Re: [PATCH] memcg: introduce per-memcg reclaim interface

From: Yang Shi
Date: Tue Sep 22 2020 - 16:03:04 EST


On Tue, Sep 22, 2020 at 12:09 PM Michal Hocko <mhocko@xxxxxxxx> wrote:
>
> On Tue 22-09-20 11:10:17, Shakeel Butt wrote:
> > On Tue, Sep 22, 2020 at 9:55 AM Michal Hocko <mhocko@xxxxxxxx> wrote:
> [...]
> > > Last but not least the memcg
> > > background reclaim is something that should be possible without a new
> > > interface.
> >
> > So, it comes down to adding more functionality/semantics to
> > memory.high or introducing a new simple interface. I am fine with
> > either of one but IMO convoluted memory.high might have a higher
> > maintenance cost.
>
> One idea would be to schedule a background worker (which work on behalf
> on the memcg) to do the high limit reclaim with high limit target as
> soon as the high limit is reached. There would be one work item for each
> memcg.

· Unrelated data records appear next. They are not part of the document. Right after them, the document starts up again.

definition cexp :: "(nat \<Rightarrow> bool) pmf \<Rightarrow> (nat \<Rightarrow> bool) set \<Rightarrow> ((nat \<Rightarrow> bool) \<Rightarrow> real) \<Rightarrow> real" where
  "cexp P A g = measure_pmf.expectation P (\<lambda>x. indicator A x * g x) / measure_pmf.prob P A"

definition negative_regression :: "nat \<Rightarrow> (nat \<Rightarrow> bool) pmf \<Rightarrow> bool" where
  "negative_regression n P \<longleftrightarrow>
     (\<forall>I J. I \<subseteq> {..<n} \<longrightarrow> J \<subseteq> {..<n} \<longrightarrow> I \<inter> J = {} \<longrightarrow>
       (\<forall>g :: (nat \<Rightarrow> bool) \<Rightarrow> real.
          (\<forall>x y. (\<forall>i\<in>I. x i \<le> y i) \<longrightarrow> g x \<le> g y) \<longrightarrow>
          (\<forall>a b :: nat \<Rightarrow> bool. (\<forall>j\<in>J. a j \<le> b j) \<longrightarrow>
             measure_pmf.prob P {x. \<forall>j\<in>J. x j = a j} > 0 \<longrightarrow>
             measure_pmf.prob P {x. \<forall>j\<in>J. x j = b j} > 0 \<longrightarrow>
             cexp P {x. \<forall>j\<in>J. x j = a j} g \<ge> cexp P {x. \<forall>j\<in>J. x j = b j} g)))"

definition lipschitz1 :: "nat \<Rightarrow> ((nat \<Rightarrow> bool) \<Rightarrow> real) \<Rightarrow> bool" where
  "lipschitz1 n f \<longleftrightarrow> (\<forall>x\<in>cube n. \<forall>i<n. \<bar>f x - f (x(i := \<not> x i))\<bar> \<le> 1)"

definition monotone_cube :: "nat \<Rightarrow> ((nat \<Rightarrow> bool) \<Rightarrow> real) \<Rightarrow> bool" where
  "monotone_cube n f \<longleftrightarrow> (\<forall>x\<in>cube n. \<forall>y\<in>cube n. (\<forall>i<n. x i \<le> y i) \<longrightarrow> f x \<le> f y)"

text \<open>The random permutation is \<open>\<pi> x :: nat \<Rightarrow> nat\<close> (positions \<open>0..<n\<close>, so
  \<open>\<pi>([k])\<close> is \<open>\<pi> x ` {..<k}\<close>). The information after \<open>k\<close> steps at outcome \<open>x\<close>
  is the event that the revealed set and the revealed values agree with those at \<open>x\<close>.\<close>
definition hist :: "((nat \<Rightarrow> bool) \<Rightarrow> nat \<Rightarrow> nat) \<Rightarrow> nat \<Rightarrow> (nat \<Rightarrow> bool) \<Rightarrow> (nat \<Rightarrow> bool) set" where
  "hist \<pi> k x = {y. \<pi> y ` {..<k} = \<pi> x ` {..<k} \<and> (\<forall>i\<in>\<pi> x ` {..<k}. y i = x i)}"

definition Ymart :: "(nat \<Rightarrow> bool) pmf \<Rightarrow> ((nat \<Rightarrow> bool) \<Rightarrow> real) \<Rightarrow> ((nat \<Rightarrow> bool) \<Rightarrow> nat \<Rightarrow> nat)
    \<Rightarrow> nat \<Rightarrow> (nat \<Rightarrow> bool) \<Rightarrow> real" where
  "Ymart P f \<pi> k x = cexp P (hist \<pi> k x) f"

end

theory Submission
  imports Defs
begin

text \<open>The coordinates are revealed greedily: once the set \<open>K\<close> and the values on it are known,
  reveal a new coordinate \<open>i\<close> whose value is nonnegatively correlated, given the revealed values,
  with the number \<open>S\<close> of ones among the unrevealed coordinates; one exists because these
  covariances sum to \<open>Var S \<ge> 0\<close>. The \<open>Y\<^sub>k\<close> form a Doob martingale by the tower property.
  Given the history, \<open>Y\<^sub>k\<^sub>+\<^sub>1 - Y\<^sub>k\<close> takes only two values, differing by
  \<open>E[f | X\<^sub>i = 1] - E[f | X\<^sub>i = 0]\<close>. Let \<open>g\<close> be \<open>f\<close> with \<open>X\<^sub>i\<close> forced to \<open>0\<close>; then
  \<open>f - g \<in> [-1, 1]\<close> (\<open>[0, 1]\<close> for monotone \<open>f\<close>), and \<open>g\<close> depends only on the remaining
  coordinates \<open>I\<close>. By the Lipschitz property \<open>S\<^sub>I + g\<close> and \<open>S\<^sub>I - g\<close> are monotone, so negative
  regression bounds \<open>|E[g | X\<^sub>i = 1] - E[g | X\<^sub>i = 0]|\<close> by
  \<open>E[S\<^sub>I | X\<^sub>i = 0] - E[S\<^sub>I | X\<^sub>i = 1]\<close>, which is at most \<open>1\<close> by the choice of \<open>i\<close>;
  for monotone \<open>f\<close> the function \<open>g\<close> is monotone too and this gap has a sign.\<close>

definition pexp :: "(nat \<Rightarrow> bool) pmf \<Rightarrow> (nat \<Rightarrow> bool) set \<Rightarrow> ((nat \<Rightarrow> bool) \<Rightarrow> real) \<Rightarrow> real" where
  "pexp P A g = (\<Sum>x\<in>set_pmf P \<inter> A. pmf P x * g x)"

lemma pexp_cong: "(\<And>x. x \<in> set_pmf P \<Longrightarrow> x \<in> A \<Longrightarrow> g x = h x) \<Longrightarrow> pexp P A g = pexp P A h"
  unfolding pexp_def by (rule sum.cong) auto

lemma pexp_mono: "(\<And>x. x \<in> set_pmf P \<Longrightarrow> x \<in> A \<Longrightarrow> g x \<le> h x) \<Longrightarrow> pexp P A g \<le> pexp P A h"
  unfolding pexp_def by (rule sum_mono) (auto intro: mult_left_mono)

lemma pexp_add: "pexp P A (\<lambda>x. g x + h x) = pexp P A g + pexp P A h"
  unfolding pexp_def by (simp add: distrib_left sum.distrib)

lemma pexp_diff: "pexp P A (\<lambda>x. g x - h x) = pexp P A g - pexp P A h"
  unfolding pexp_def by (simp add: right_diff_distrib sum_subtractf)

lemma pexp_cmult: "pexp P A (\<lambda>x. c * g x) = c * pexp P A g"
  unfolding pexp_def by (simp add: sum_distrib_left algebra_simps)

lemma pexp_square_le: "(pexp P A g)\<^sup>2 \<le> pexp P A (\<lambda>_. 1) * pexp P A (\<lambda>x. (g x)\<^sup>2)"
proof -
  have "(\<Sum>x\<in>set_pmf P \<inter> A. sqrt (pmf P x) * (sqrt (pmf P x) * g x))\<^sup>2
     \<le> (\<Sum>x\<in>set_pmf P \<inter> A. (sqrt (pmf P x))\<^sup>2) * (\<Sum>x\<in>set_pmf P \<inter> A. (sqrt (pmf P x) * g x)\<^sup>2)"
    by (rule Cauchy_Schwarz_ineq_sum)
  then show ?thesis
    unfolding pexp_def by (simp add: mult.assoc[symmetric] power_mult_distrib)
qed

locale finite_support =
  fixes P :: "(nat \<Rightarrow> bool) pmf"
  assumes finite_support: "finite (set_pmf P)"
begin

lemma expectation_indicator_eq_pexp:
  "measure_pmf.expectation P (\<lambda>x. indicator A x * g x) = pexp P A g"
  unfolding pexp_def
  by (subst integral_measure_pmf_real[OF finite_support])
     (auto simp: sum.inter_restrict[OF finite_support] intro!: sum.cong)

lemma prob_eq_pexp: "measure_pmf.prob P A = pexp P A (\<lambda>_. 1)"
  using expectation_indicator_eq_pexp[of A "\<lambda>_. 1"] by simp

lemma cexp_eq_pexp: "cexp P A g = pexp P A g / pexp P A (\<lambda>_. 1)"
  unfolding cexp_def expectation_indicator_eq_pexp prob_eq_pexp ..

lemma pexp_split: "pexp P A g = pexp P (A \<inter> {x. Q x}) g + pexp P (A \<inter> {x. \<not> Q x}) g"
proof -
  have "set_pmf P \<inter> A \<inter> {x. Q x} = set_pmf P \<inter> (A \<inter> {x. Q x})"
    "set_pmf P \<inter> A - {x. Q x} = set_pmf P \<inter> (A \<inter> {x. \<not> Q x})" by auto
  then show ?thesis
    unfolding pexp_def using sum.Int_Diff[of "set_pmf P \<inter> A" _ "{x. Q x}"] finite_support by simp
qed

lemma pexp_const_cexp: "pexp P A (\<lambda>_. cexp P A g) = pexp P A g"
proof (cases "set_pmf P \<inter> A = {}")
  case True
  then show ?thesis by (simp add: pexp_def)
next
  case False
  then have "pexp P A (\<lambda>_. 1) \<noteq> 0"
    using measure_pmf_zero_iff[of P A] prob_eq_pexp by simp
  then show ?thesis
    using pexp_cmult[of P A "cexp P A g" "\<lambda>_. 1"] by (simp add: cexp_eq_pexp)
qed

lemma cexp_cong: "(\<And>x. x \<in> set_pmf P \<Longrightarrow> x \<in> A \<Longrightarrow> g x = h x) \<Longrightarrow> cexp P A g = cexp P A h"
  unfolding cexp_eq_pexp by (metis pexp_cong)

lemma cexp_add: "cexp P A (\<lambda>x. g x + h x) = cexp P A g + cexp P A h"
  unfolding cexp_eq_pexp pexp_add by (simp add: add_divide_distrib)

lemma cexp_diff: "cexp P A (\<lambda>x. g x - h x) = cexp P A g - cexp P A h"
  unfolding cexp_eq_pexp pexp_diff by (simp add: diff_divide_distrib)

lemma cexp_bounded:
  assumes "measure_pmf.prob P A > 0"
    and "\<And>x. x \<in> set_pmf P \<Longrightarrow> x \<in> A \<Longrightarrow> lo \<le> g x \<and> g x \<le> hi"
  shows "lo \<le> cexp P A g \<and> cexp P A g \<le> hi"
proof -
  have pos: "pexp P A (\<lambda>_. 1) > 0" using assms(1) prob_eq_pexp by simp
  have "pexp P A (\<lambda>_. lo * 1) \<le> pexp P A g" "pexp P A g \<le> pexp P A (\<lambda>_. hi * 1)"
    by (rule pexp_mono; simp add: assms(2))+
  then have "lo * pexp P A (\<lambda>_. 1) \<le> pexp P A g" "pexp P A g \<le> hi * pexp P A (\<lambda>_. 1)"
    by (simp_all only: pexp_cmult)
  with pos show ?thesis
    unfolding cexp_eq_pexp by (simp add: pos_le_divide_eq pos_divide_le_eq)
qed

lemma cexp_binary_tower:
  fixes Q :: "(nat \<Rightarrow> bool) \<Rightarrow> bool"
  shows "cexp P H (\<lambda>y. cexp P (H \<inter> {z. Q z = Q y}) f) = cexp P H f"
proof -
  have branch: "pexp P (H \<inter> {z. Q z = b}) (\<lambda>y. cexp P (H \<inter> {z. Q z = Q y}) f) = pexp P (H \<inter> {z. Q z = b}) f"
    for b
    using pexp_cong[of P "H \<inter> {z. Q z = b}" "\<lambda>y. cexp P (H \<inter> {z. Q z = Q y}) f"]
      pexp_const_cexp[of "H \<inter> {z. Q z = b}" f] by auto
  have "pexp P H (\<lambda>y. cexp P (H \<inter> {z. Q z = Q y}) f) = pexp P H f"
    using branch[of True] branch[of False] pexp_split[of H _ Q] by simp
  then show ?thesis
    unfolding cexp_eq_pexp[of H] by simp
qed

end

definition ones :: "nat set \<Rightarrow> (nat \<Rightarrow> bool) \<Rightarrow> real" where
  "ones U x = (\<Sum>j\<in>U. of_bool (x j))"

text \<open>The covariance of \<open>X\<^sub>i\<close> and \<open>S\<close> on \<open>A\<close> is nonnegative, i.e.
  \<open>E[S | A, X\<^sub>i = 0] \<le> E[S | A, X\<^sub>i = 1]\<close>, cross-multiplied so that it is also meaningful when
  one of the two branches is null.\<close>
definition nonneg_corr :: "(nat \<Rightarrow> bool) pmf \<Rightarrow> (nat \<Rightarrow> bool) set \<Rightarrow> ((nat \<Rightarrow> bool) \<Rightarrow> real) \<Rightarrow> nat \<Rightarrow> bool" where
  "nonneg_corr P A S i \<longleftrightarrow>
     pexp P (A \<inter> {x. x i}) (\<lambda>_. 1) * pexp P (A \<inter> {x. \<not> x i}) S
     \<le> pexp P (A \<inter> {x. \<not> x i}) (\<lambda>_. 1) * pexp P (A \<inter> {x. x i}) S"

context finite_support
begin

lemma cexp_const: "measure_pmf.prob P A > 0 \<Longrightarrow> cexp P A (\<lambda>_. c) = c"
  using pexp_cmult[of P A c "\<lambda>_. 1"] unfolding cexp_eq_pexp prob_eq_pexp by simp

lemma nonneg_corr_iff:
  "nonneg_corr P A S i \<longleftrightarrow>
     pexp P (A \<inter> {x. x i}) (\<lambda>_. 1) * pexp P A S \<le> pexp P A (\<lambda>_. 1) * pexp P (A \<inter> {x. x i}) S"
  using pexp_split[of A S "\<lambda>x. x i"] pexp_split[of A "\<lambda>_. 1" "\<lambda>x. x i"]
  unfolding nonneg_corr_def by (simp add: algebra_simps)

lemma nonneg_corr_cexp:
  assumes "nonneg_corr P A S i"
    and "measure_pmf.prob P (A \<inter> {x. x i}) > 0" "measure_pmf.prob P (A \<inter> {x. \<not> x i}) > 0"
  shows "cexp P (A \<inter> {x. \<not> x i}) S \<le> cexp P (A \<inter> {x. x i}) S"
  using assms unfolding nonneg_corr_def cexp_eq_pexp prob_eq_pexp
  by (simp add: divide_simps mult.commute)

lemma pexp_coord: "pexp P (A \<inter> {x. x i}) g = pexp P A (\<lambda>x. of_bool (x i) * g x)"
proof -
  have "pexp P (A \<inter> {x. x i}) (\<lambda>x. of_bool (x i) * g x) = pexp P (A \<inter> {x. x i}) g"
    by (rule pexp_cong) simp
  moreover have "pexp P (A \<inter> {x. \<not> x i}) (\<lambda>x. of_bool (x i) * g x) = 0"
    unfolding pexp_def by (rule sum.neutral) auto
  ultimately show ?thesis
    using pexp_split[of A "\<lambda>x. of_bool (x i) * g x" "\<lambda>x. x i"] by simp
qed

lemma sum_pexp_coord:
  assumes "finite U"
  shows "(\<Sum>i\<in>U. pexp P (A \<inter> {x. x i}) g) = pexp P A (\<lambda>x. ones U x * g x)"
proof -
  have "(\<Sum>i\<in>U. pexp P (A \<inter> {x. x i}) g)
      = (\<Sum>i\<in>U. \<Sum>x\<in>set_pmf P \<inter> A. pmf P x * (of_bool (x i) * g x))"
    unfolding pexp_coord unfolding pexp_def ..
  also have "\<dots> = (\<Sum>x\<in>set_pmf P \<inter> A. \<Sum>i\<in>U. pmf P x * (of_bool (x i) * g x))"
    by (rule sum.swap)
  also have "\<dots> = pexp P A (\<lambda>x. ones U x * g x)"
    unfolding pexp_def ones_def by (simp only: sum_distrib_left sum_distrib_right)
  finally show ?thesis .
qed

Userspace would recheck the high limit on return to the userspace
> and do the reclaim if the excess is larger than a threshold, and sleep
> as the fallback.
>
> Excessive consumers would get throttled if the background work cannot
> keep up with the charge pace and most of them would return without doing
> any reclaim because there is somebody working on their behalf - and is
> accounted for that.
>
> The semantic of high limit would be preserved IMHO because high limit is
> actively throttled. Where that work is done shouldn't matter as long as
> it is accounted properly and memcg cannot outsource all the work to the
> rest of the system.
>
> Would something like that (with many details to be sorted out of course)
> be feasible?

This is exactly how our "per-memcg kswapd" works. The missing piece is
how to account the background worker (it is a kernel work thread)
properly as what we discussed before. You mentioned such work is WIP
in earlier email of this thread, I think once this is done the
per-memcg background worker could be supported easily.

>
> If we do not want to change the existing semantic of high and want a new
> api then I think having another limit for the background reclaim then
> that would make more sense to me. It would resemble the global reclaim
> and kswapd model and something that would be easier to reason about.
> Comparing to echo $N > reclaim which might mean to reclaim any number
> pages around N.
> --
> Michal Hocko
> SUSE Labs